Yes. Everybody thought they could write from scratch a better
(whatever) than the other groups had already developed, and in a few
weeks yet. There were "two inch pipes full of piss flowing in both
directions" between graphics groups.
Code reuse is not popular among people who live to write code.
NT 3.51 was a particularly good vintage. After that bloatware set in.
CPU cycles are cheap and getting cheaper and human cycles are expensive
and getting more expensive. But that also says that we should also be
using better tools and languages to manage the hardware.
Unfortunately time to market advantage tends to produce less than robust
applications with pretty interfaces and fragile internals. You can after
all send out code patches over the Internet all too easily ;-)
NT followed the classic methodology: code fast, build the OS,
test/test/test looking for bugs. I think there were 2000 known bugs in
the first developer's release. There must have been ballpark 100K bugs
created and fixed during development.
Since people buy the stuff (I would not wish Vista on my worst enemy by
the way) even with all its faults the market rules, and market forces
are never wrong...
Most of what you are claiming as advantages of separate CPUs can be
achieved just as easily with hardware support for protected user memory
and security privilige rings. It is more likely that virtualisation of
single, dual or quad cores will become common in domestic PCs.

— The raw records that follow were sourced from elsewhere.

(* Consider a Boolean control network $\mathbf{x}(t+1)=L\ltimes\mathbf{u}(t)\ltimes\mathbf{x}(t)$, $\mathbf{y}(t)=H\mathbf{x}(t)$, with $L\in\mathcal{L}_{N\times NM}$, $H\in\mathcal{L}_{P\times N}$, and a finite-length reference output trajectory $\mathbf{y}_r(t)=\delta_P^{i_t}$, $t\in[1,T]$. Assume this trajectory is trackable from every initial state in $\mathcal{L}_N$. Define $\mathbf{v}(t)=H^\top\delta_P^{i_t}$, $L_{tot}=L_1\vee\cdots\vee L_M$, $\boldsymbol{\alpha}(1)=\mathbf{v}(1)$, $\boldsymbol{\alpha}(t)=\mathbf{v}(t)\odot(L_{tot}\boldsymbol{\alpha}(t-1))$ for $t\in[2,T]$, and $\boldsymbol{\beta}(T)=\boldsymbol{\alpha}(T)$, $\boldsymbol{\beta}(t)=\boldsymbol{\alpha}(t)\odot(L_{tot}^\top\boldsymbol{\beta}(t+1))$ for $t=T-1,\dots,1$. Define $$\mathcal{T}_{xu}(0)=\{(\delta_N^j,\delta_M^i):(L\ltimes\delta_M^i\ltimes\delta_N^j)\odot\boldsymbol{\beta}(1)\neq\mathbf{0}_N\},$$ $$\mathcal{T}_{xu}(t)=\{(\delta_N^j,\delta_M^i):[\boldsymbol{\beta}(t)]_j\neq0\text{ and }(L\ltimes\delta_M^i\ltimes\delta_N^j)\odot\boldsymbol{\beta}(t+1)\neq\mathbf{0}_N\},\quad t\in[1,T-1],$$ and $\mathcal{T}_u(t,\mathbf{x})=\{\mathbf{u}\in\mathcal{L}_M:(\mathbf{x},\mathbf{u})\in\mathcal{T}_{xu}(t)\}$. Then for every initial state $\mathbf{x}_0\in\mathcal{L}_N$, an input sequence $\{\mathbf{u}(t)\}_{t=0}^{T-1}$ ensuring output tracking (i.e. $H\mathbf{x}_t=\mathbf{y}_r(t)$ for all $t\in[1,T]$) is obtained by the recursive procedure: for $t=0,1,\dots,T-1$, choose $\mathbf{u}_t\in\mathcal{T}_u(t,\mathbf{x}_t)$ and set $\mathbf{x}_{t+1}=L\ltimes\mathbf{u}_t\ltimes\mathbf{x}_t$, with $\mathbf{u}(t)=\mathbf{u}_t$.
   Context: $\delta_k^i$ is the $i$-th canonical vector of $\mathbb{R}^k$; $\mathcal{L}_k$ is the set of canonical vectors of $\mathbb{R}^k$; $\mathcal{L}_{k\times q}$ the set of $k\times q$ matrices whose columns lie in $\mathcal{L}_k$. $N=2^n$, $M=2^m$, $P=2^p$. $L=[L_1|\cdots|L_M]$ with $L_i\in\mathcal{L}_{N\times N}$, and $L\ltimes\delta_M^i\ltimes\mathbf{x}=L_i\mathbf{x}$. $\vee$ is entrywise Boolean OR, $\odot$ is the entrywise (Hadamard) product, matrix–vector products are ordinary (only the zero/nonzero pattern of the vectors matters), $[\mathbf{w}]_j$ is the $j$-th entry, $\mathbf{0}_N$ the zero vector. A trajectory is trackable from $\mathbf{x}_0$ if there exist inputs $\mathbf{u}(0),\dots,\mathbf{u}(T-1)\in\mathcal{L}_M$ such that the resulting states $\mathbf{x}(t+1)=L\ltimes\mathbf{u}(t)\ltimes\mathbf{x}(t)$, $\mathbf{x}(0)=\mathbf{x}_0$, satisfy $H\mathbf{x}(t)=\mathbf{y}_r(t)$ for all $t\in[1,T]$. *)

theory Defs
  imports Main
begin

text \<open>Encoding (0-based indices): a canonical vector delta_k^(j+1) is represented by
  its index j < k. A logical matrix L = [L_1|...|L_M] in L_{N x NM} is represented
  by the function L :: nat => nat => nat with L i j = index of L |x delta_M^(i+1) |x delta_N^(j+1).
  H in L_{P x N} is represented by h :: nat => nat, H delta_N^(j+1) = delta_P^(h j + 1).
  The reference output y_r(t) = delta_P^(i_t) is represented by yr t (an index < P).
  Boolean vectors in R^N (only their zero/nonzero pattern matters) are represented by
  predicates nat => bool supported on {0..<N}.\<close>

primrec traj :: "(nat \<Rightarrow> nat \<Rightarrow> nat) \<Rightarrow> nat \<Rightarrow> (nat \<Rightarrow> nat) \<Rightarrow> nat \<Rightarrow> nat" where
  "traj L x0 u 0 = x0"
| "traj L x0 u (Suc t) = L (u t) (traj L x0 u t)"

definition trackable ::
  "nat \<Rightarrow> nat \<Rightarrow> (nat \<Rightarrow> nat \<Rightarrow> nat) \<Rightarrow> (nat \<Rightarrow> nat) \<Rightarrow> (nat \<Rightarrow> nat) \<Rightarrow> nat \<Rightarrow> nat \<Rightarrow> bool" where
  "trackable N M L h yr T x0 \<longleftrightarrow>
     (\<exists>u. (\<forall>t<T. u t < M) \<and> (\<forall>t\<in>{1..T}. h (traj L x0 u t) = yr t))"

text \<open>v(t) = H^T delta_P^(i_t): entry j is nonzero iff column j of H equals y_r(t).\<close>
definition vvec :: "nat \<Rightarrow> (nat \<Rightarrow> nat) \<Rightarrow> (nat \<Rightarrow> nat) \<Rightarrow> nat \<Rightarrow> nat \<Rightarrow> bool" where
  "vvec N h yr t j \<longleftrightarrow> j < N \<and> h j = yr t"

definition Ltot_mul :: "nat \<Rightarrow> nat \<Rightarrow> (nat \<Rightarrow> nat \<Rightarrow> nat) \<Rightarrow> (nat \<Rightarrow> bool) \<Rightarrow> nat \<Rightarrow> bool" where
  "Ltot_mul N M L w k \<longleftrightarrow> k < N \<and> (\<exists>i<M. \<exists>j<N. L i j = k \<and> w j)"

definition LtotT_mul :: "nat \<Rightarrow> nat \<Rightarrow> (nat \<Rightarrow> nat \<Rightarrow> nat) \<Rightarrow> (nat \<Rightarrow> bool) \<Rightarrow> nat \<Rightarrow> bool" where
  "LtotT_mul N M L w j \<longleftrightarrow> j < N \<and> (\<exists>i<M. w (L i j))"

text \<open>alpha(1) = v(1), alpha(t) = v(t) (Hadamard) L_tot alpha(t-1); alpha 0 is unused.\<close>
fun alpha :: "nat \<Rightarrow> nat \<Rightarrow> (nat \<Rightarrow> nat \<Rightarrow> nat) \<Rightarrow> (nat \<Rightarrow> nat) \<Rightarrow> (nat \<Rightarrow> nat) \<Rightarrow> nat \<Rightarrow> nat \<Rightarrow> bool" where
  "alpha N M L h yr 0 = (\<lambda>j. False)"
| "alpha N M L h yr (Suc 0) = vvec N h yr 1"
| "alpha N M L h yr (Suc (Suc t)) =
     (\<lambda>j. vvec N h yr (Suc (Suc t)) j \<and> Ltot_mul N M L (alpha N M L h yr (Suc t)) j)"

text \<open>beta_aux k = beta(T - k): beta(T) = alpha(T), beta(t) = alpha(t) (Hadamard) L_tot^T beta(t+1).\<close>
fun beta_aux :: "nat \<Rightarrow> nat \<Rightarrow> (nat \<Rightarrow> nat \<Rightarrow> nat) \<Rightarrow> (nat \<Rightarrow> nat) \<Rightarrow> (nat \<Rightarrow> nat) \<Rightarrow> nat \<Rightarrow> nat \<Rightarrow> nat \<Rightarrow> bool" where
  "beta_aux N M L h yr T 0 = alpha N M L h yr T"
| "beta_aux N M L h yr T (Suc k) =
     (\<lambda>j. alpha N M L h yr (T - Suc k) j \<and> LtotT_mul N M L (beta_aux N M L h yr T k) j)"

definition beta :: "nat \<Rightarrow> nat \<Rightarrow> (nat \<Rightarrow> nat \<Rightarrow> nat) \<Rightarrow> (nat \<Rightarrow> nat) \<Rightarrow> (nat \<Rightarrow> nat) \<Rightarrow> nat \<Rightarrow> nat \<Rightarrow> nat \<Rightarrow> bool" where
  "beta N M L h yr T t = beta_aux N M L h yr T (T - t)"

text \<open>T_xu(t) as a set of pairs (state index j, input index i).
  (L |x delta_M^i |x delta_N^j) (Hadamard) beta(t+1) \<noteq> 0 iff beta(t+1) has a nonzero
  entry at L i j.\<close>
definition Txu :: "nat \<Rightarrow> nat \<Rightarrow> (nat \<Rightarrow> nat \<Rightarrow> nat) \<Rightarrow> (nat \<Rightarrow> nat) \<Rightarrow> (nat \<Rightarrow> nat) \<Rightarrow> nat \<Rightarrow> nat \<Rightarrow> (nat \<times> nat) set" where
  "Txu N M L h yr T t =
     (if t = 0 then {(j, i). j < N \<and> i < M \<and> beta N M L h yr T 1 (L i j)}
      else {(j, i). j < N \<and> i < M \<and> beta N M L h yr T t j \<and> beta N M L h yr T (Suc t) (L i j)})"

definition Tu :: "nat \<Rightarrow> nat \<Rightarrow> (nat \<Rightarrow> nat \<Rightarrow> nat) \<Rightarrow> (nat \<Rightarrow> nat) \<Rightarrow> (nat \<Rightarrow> nat) \<Rightarrow> nat \<Rightarrow> nat \<Rightarrow> nat \<Rightarrow> nat set" where
  "Tu N M L h yr T t x = {i. i < M \<and> (x, i) \<in> Txu N M L h yr T t}"

end

theory Submission
  imports Defs
begin

text \<open>Every trajectory that tracks the reference runs inside the supports of beta, so a
  state x0 admitting a tracking input has T_u(0, x0) nonempty. Conversely, every input in
  T_u(t, x) leads into the support of beta(t+1); there the factor L_tot^T beta(t+2) of
  beta(t+1) provides a next admissible input, and beta \<le> alpha \<le> v forces the correct
  output.\<close>

lemma alpha_Suc:
  "1 \<le> t \<Longrightarrow> alpha N M L h yr (Suc t) x
     \<longleftrightarrow> vvec N h yr (Suc t) x \<and> Ltot_mul N M L (alpha N M L h yr t) x"
  by (cases t) auto

lemma alpha_imp_vvec: "1 \<le> t \<Longrightarrow> alpha N M L h yr t x \<Longrightarrow> vvec N h yr t x"
  by (cases "(N, M, L, h, yr, t)" rule: alpha.cases) auto

lemma beta_last: "beta N M L h yr T T = alpha N M L h yr T"
  by (simp add: beta_def)

lemma beta_Suc:
  assumes "t < T"
  shows "beta N M L h yr T t x
           \<longleftrightarrow> alpha N M L h yr t x \<and> LtotT_mul N M L (beta N M L h yr T (Suc t)) x"
proof -
  have "T - t = Suc (T - Suc t)" and "T - Suc (T - Suc t) = t"
    using assms by simp_all
  then show ?thesis by (simp add: beta_def)
qed

lemma beta_imp_alpha: "t \<le> T \<Longrightarrow> beta N M L h yr T t x \<Longrightarrow> alpha N M L h yr t x"
  by (cases "t = T") (auto simp: beta_last beta_Suc)

lemma beta_imp_output: "1 \<le> t \<Longrightarrow> t \<le> T \<Longrightarrow> beta N M L h yr T t x \<Longrightarrow> h x = yr t"
  using beta_imp_alpha alpha_imp_vvec by (fastforce simp: vvec_def)

lemma traj_less:
  assumes "\<forall>i<M. \<forall>j<N. L i j < N" and "x0 < N" and "\<forall>t<T. u t < M"
  shows "s \<le> T \<Longrightarrow> traj L x0 u s < N"
  using assms by (induction s) auto

lemma tracking_traj_in_alpha:
  assumes L_logical: "\<forall>i<M. \<forall>j<N. L i j < N" and x0: "x0 < N"
    and u: "\<forall>t<T. u t < M" and tracks: "\<forall>t\<in>{1..T}. h (traj L x0 u t) = yr t"
    and "1 \<le> s" and sT: "s \<le> T"
  shows "alpha N M L h yr s (traj L x0 u s)"
  using \<open>1 \<le> s\<close>
proof (induction s rule: dec_induct)
  case base
  have "1 \<in> {1..T}"
    using \<open>1 \<le> s\<close> sT by simp
  then have "traj L x0 u 1 < N" "h (traj L x0 u 1) = yr 1"
    using traj_less[OF L_logical x0 u, of 1] tracks by (simp, blast)
  then show ?case by (simp add: vvec_def)
next
  case (step k)
  have "Suc k \<in> {1..T}" "k < T"
    using step.hyps sT by simp_all
  then have "traj L x0 u k < N" "traj L x0 u (Suc k) < N" "u k < M"
    and "h (traj L x0 u (Suc k)) = yr (Suc k)"
    using traj_less[OF L_logical x0 u] u tracks by (simp_all del: traj.simps)
  then show ?case
    using step by (auto simp: alpha_Suc vvec_def Ltot_mul_def)
qed

lemma tracking_traj_in_beta:
  assumes L_logical: "\<forall>i<M. \<forall>j<N. L i j < N" and x0: "x0 < N"
    and u: "\<forall>t<T. u t < M" and tracks: "\<forall>t\<in>{1..T}. h (traj L x0 u t) = yr t"
    and "1 \<le> s" and "s \<le> T"
  shows "beta N M L h yr T s (traj L x0 u s)"
  using \<open>s \<le> T\<close> \<open>1 \<le> s\<close>
proof (induction s rule: inc_induct)
  case base
  then show ?case
    using tracking_traj_in_alpha[OF assms(1-4)] by (simp add: beta_last)
next
  case (step k)
  have "traj L x0 u k < N" "u k < M"
    using traj_less[OF L_logical x0 u] u step.hyps by auto
  then have "LtotT_mul N M L (beta N M L h yr T (Suc k)) (traj L x0 u k)"
    using step.IH step.prems by (auto simp: LtotT_mul_def)
  then show ?case
    using step tracking_traj_in_alpha[OF assms(1-4)] by (simp add: beta_Suc)
qed

lemma Tu_imp_beta_Suc: "i \<in> Tu N M L h yr T t x \<Longrightarrow> beta N M L h yr T (Suc t) (L i x)"
  by (auto simp: Tu_def Txu_def split: if_splits)

lemma Tu_0_nonempty:
  assumes "\<forall>i<M. \<forall>j<N. L i j < N" and "x0 < N" and "1 \<le> T"
    and "trackable N M L h yr T x0"
  shows "Tu N M L h yr T 0 x0 \<noteq> {}"
proof -
  obtain u where u: "\<forall>t<T. u t < M" "\<forall>t\<in>{1..T}. h (traj L x0 u t) = yr t"
    using assms(4) unfolding trackable_def by blast
  have "beta N M L h yr T 1 (L (u 0) x0)"
    using tracking_traj_in_beta[OF assms(1,2) u, of 1] assms(3) by simp
  then have "u 0 \<in> Tu N M L h yr T 0 x0"
    using u(1) assms(2,3) by (simp add: Tu_def Txu_def)
  then show ?thesis by blast
qed

lemma Tu_nonempty_if_beta:
  assumes "1 \<le> t" and "t < T" and "beta N M L h yr T t x"
  shows "Tu N M L h yr T t x \<noteq> {}"
proof -
  have "LtotT_mul N M L (beta N M L h yr T (Suc t)) x"
    using assms beta_Suc by blast
  then obtain i where "i < M" "x < N" "beta N M L h yr T (Suc t) (L i x)"
    unfolding LtotT_mul_def by blast
  then have "i \<in> Tu N M L h yr T t x"
    using assms by (simp add: Tu_def Txu_def)
  then show ?thesis by blast
qed

theorem corollary1:
  fixes n m p T :: nat
    and L :: "nat \<Rightarrow> nat \<Rightarrow> nat" and h :: "nat \<Rightarrow> nat" and yr :: "nat \<Rightarrow> nat"
  defines "N \<equiv> 2 ^ n" and "M \<equiv> 2 ^ m" and "P \<equiv> 2 ^ p"
  assumes L_logical: "\<forall>i<M. \<forall>j<N. L i j < N"
    and H_logical: "\<forall>j<N. h j < P"
    and yr_canonical: "\<forall>t\<in>{1..T}. yr t < P"
    and T_pos: "1 \<le> T"
    and track_all: "\<forall>x0<N. trackable N M L h yr T x0"
  shows "\<forall>x0<N. \<forall>u :: nat \<Rightarrow> nat.
           (\<forall>t<T. (\<forall>s<t. u s \<in> Tu N M L h yr T s (traj L x0 u s))
                    \<longrightarrow> Tu N M L h yr T t (traj L x0 u t) \<noteq> {})
         \<and> ((\<forall>t<T. u t \<in> Tu N M L h yr T t (traj L x0 u t))
              \<longrightarrow> (\<forall>t\<in>{1..T}. h (traj L x0 u t) = yr t))"
proof (intro allI impI conjI ballI)
  fix x0 u t
  assume x0: "x0 < N" and t: "t < T"
    and chosen: "\<forall>s<t. u s \<in> Tu N M L h yr T s (traj L x0 u s)"
  show "Tu N M L h yr T t (traj L x0 u t) \<noteq> {}"
  proof (cases t)
    case 0
    then show ?thesis
      using Tu_0_nonempty[OF L_logical x0 T_pos] track_all x0 by simp
  next
    case (Suc s)
    then have "beta N M L h yr T t (traj L x0 u t)"
      using Tu_imp_beta_Suc chosen by simp
    then show ?thesis
      using Tu_nonempty_if_beta Suc t by simp
  qed
next
  fix x0 u t
  assume chosen: "\<forall>t<T. u t \<in> Tu N M L h yr T t (traj L x0 u t)" and t: "t \<in> {1..T}"
  then obtain s where s: "t = Suc s" "s < T"
    by (cases t) auto
  then have "beta N M L h yr T t (traj L x0 u t)"
    using Tu_imp_beta_Suc chosen by simp
  then show "h (traj L x0 u t) = yr t"
    using beta_imp_output t by auto
qed

end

Intel was criminally negligent in not providing better hardware
protections, and Microsoft a co-criminal in not using what little was
available. Microsoft has never seen data that it didn't want to
execute. I ran PDP-11 timeshare systems that couldn't be crashed by
hostile users, and ran for months between power failures.
There was a Pentium exploit documented against some brands of Unix. eg.
http://www.ssi.gouv.fr/fr/sciences/fichiers/lti/cansecwest2006-duflot.pdf
Loads of physical CPUs just creates a different set of complexity
problems. And they are a pig to program efficiently.
So program them inefficiently. Stop thinking about CPU cycles as
precious resources, and start think that users matter more. I have
personally spent far more time recovering from Windows crashes and
stupidities than I've spent waiting for compute-bound stuff to run.
If the OS runs alone on one CPU, totally hardware protected from all
other processes, totally in control, that's not complex.
As transistors get smaller and cheaper, and cores multiply into the
hundreds, the limiting resource will become power dissipation. So if
every process gets its own CPU, and idle CPUs power down, and there's
no context switching overhead, the multi-CPU system is net better off.
What else are we gonna do with 1024 cores? We'll probably see it on
Linux first.